# [DATA TO USE]

(* Let $C$ be a binary linear $[n,k]$ code whose hull $\mathrm{Hull}(C)=C\cap C^{\perp}$ has dimension $\ell$, where $0\le\ell\le k$. Let $G$ be a $k\times n$ generator matrix of $C$ with rows $\mathbf r_1,\dots,\mathbf r_k$ and $H$ an $(n-k)\times n$ parity check matrix of $C$ with rows $\mathbf s_1,\dots,\mathbf s_{n-k}$. Suppose $\mathbf x=(x_1,\dots,x_n)\in\mathbb F_2^n$ satisfies $\mathbf x\cdot\mathbf x=0$. Put $y_i=\mathbf x\cdot\mathbf r_i$ ($1\le i\le k$) and $z_j=\mathbf x\cdot\mathbf s_j$ ($1\le j\le n-k$). Then the matrix \[ G_3=\begin{bmatrix} 1 & 0 & x_1\ \cdots\ x_n\\ y_1 & y_1 & \mathbf r_1\\ \vdots & \vdots & \vdots\\ y_k & y_k & \mathbf r_k\end{bmatrix} \] generates a binary linear $[n+2,k+1]$ code $C_3$ whose hull has dimension $\ell$, and the matrix \[ H_3=\begin{bmatrix} 0 & 1 & x_1\ \cdots\ x_n\\ z_1 & z_1 & \mathbf s_1\\ \vdots & \vdots & \vdots\\ z_{n-k} & z_{n-k} & \mathbf s_{n-k}\end{bmatrix} \] is a parity check matrix for $C_3$.
   Context: All codes are binary linear codes; the dual is taken with respect to the standard dot product on $\mathbb F_2^n$, and $\mathrm{Hull}(C)=C\cap C^{\perp}$. A parity check matrix of $C$ is a generator matrix of $C^{\perp}$. The code $C_3$ is called Construction IV. *)

theory Defs
  imports "Jordan_Normal_Form.VS_Connect" "HOL-Library.Z2"
begin

definition code_of :: "nat \<Rightarrow> bit mat \<Rightarrow> bit vec set" where
  "code_of n M = vec_space.row_space n M"

definition code_dim :: "nat \<Rightarrow> bit vec set \<Rightarrow> nat" where
  "code_dim n W = vectorspace.dim class_ring ((module_vec TYPE(bit) n)\<lparr>carrier := W\<rparr>)"

definition dual :: "nat \<Rightarrow> bit vec set \<Rightarrow> bit vec set" where
  "dual n C = {v \<in> carrier_vec n. \<forall>c \<in> C. v \<bullet> c = 0}"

# [TO DO]
Reproduce the material exactly, and keep every line as it is.

# [REPLY TO THE TASK]
(* Let $C$ be a binary linear $[n,k]$ code whose hull $\mathrm{Hull}(C)=C\cap C^{\perp}$ has dimension $\ell$, where $0\le\ell\le k$. Let $G$ be a $k\times n$ generator matrix of $C$ with rows $\mathbf r_1,\dots,\mathbf r_k$ and $H$ an $(n-k)\times n$ parity check matrix of $C$ with rows $\mathbf s_1,\dots,\mathbf s_{n-k}$. Suppose $\mathbf x=(x_1,\dots,x_n)\in\mathbb F_2^n$ satisfies $\mathbf x\cdot\mathbf x=0$. Put $y_i=\mathbf x\cdot\mathbf r_i$ ($1\le i\le k$) and $z_j=\mathbf x\cdot\mathbf s_j$ ($1\le j\le n-k$). Then the matrix \[ G_3=\begin{bmatrix} 1 & 0 & x_1\ \cdots\ x_n\\ y_1 & y_1 & \mathbf r_1\\ \vdots & \vdots & \vdots\\ y_k & y_k & \mathbf r_k\end{bmatrix} \] generates a binary linear $[n+2,k+1]$ code $C_3$ whose hull has dimension $\ell$, and the matrix \[ H_3=\begin{bmatrix} 0 & 1 & x_1\ \cdots\ x_n\\ z_1 & z_1 & \mathbf s_1\\ \vdots & \vdots & \vdots\\ z_{n-k} & z_{n-k} & \mathbf s_{n-k}\end{bmatrix} \] is a parity check matrix for $C_3$.
   Context: All codes are binary linear codes; the dual is taken with respect to the standard dot product on $\mathbb F_2^n$, and $\mathrm{Hull}(C)=C\cap C^{\perp}$. A parity check matrix of $C$ is a generator matrix of $C^{\perp}$. The code $C_3$ is called Construction IV. *)

theory Defs
  imports "Jordan_Normal_Form.VS_Connect" "HOL-Library.Z2"
begin

definition code_of :: "nat \<Rightarrow> bit mat \<Rightarrow> bit vec set" where
  "code_of n M = vec_space.row_space n M"

definition code_dim :: "nat \<Rightarrow> bit vec set \<Rightarrow> nat" where
  "code_dim n W = vectorspace.dim class_ring ((module_vec TYPE(bit) n)\<lparr>carrier := W\<rparr>)"

definition dual :: "nat \<Rightarrow> bit vec set \<Rightarrow> bit vec set" where
  "dual n C = {v \<in> carrier_vec n. \<forall>c \<in> C. v \<bullet> c = 0}"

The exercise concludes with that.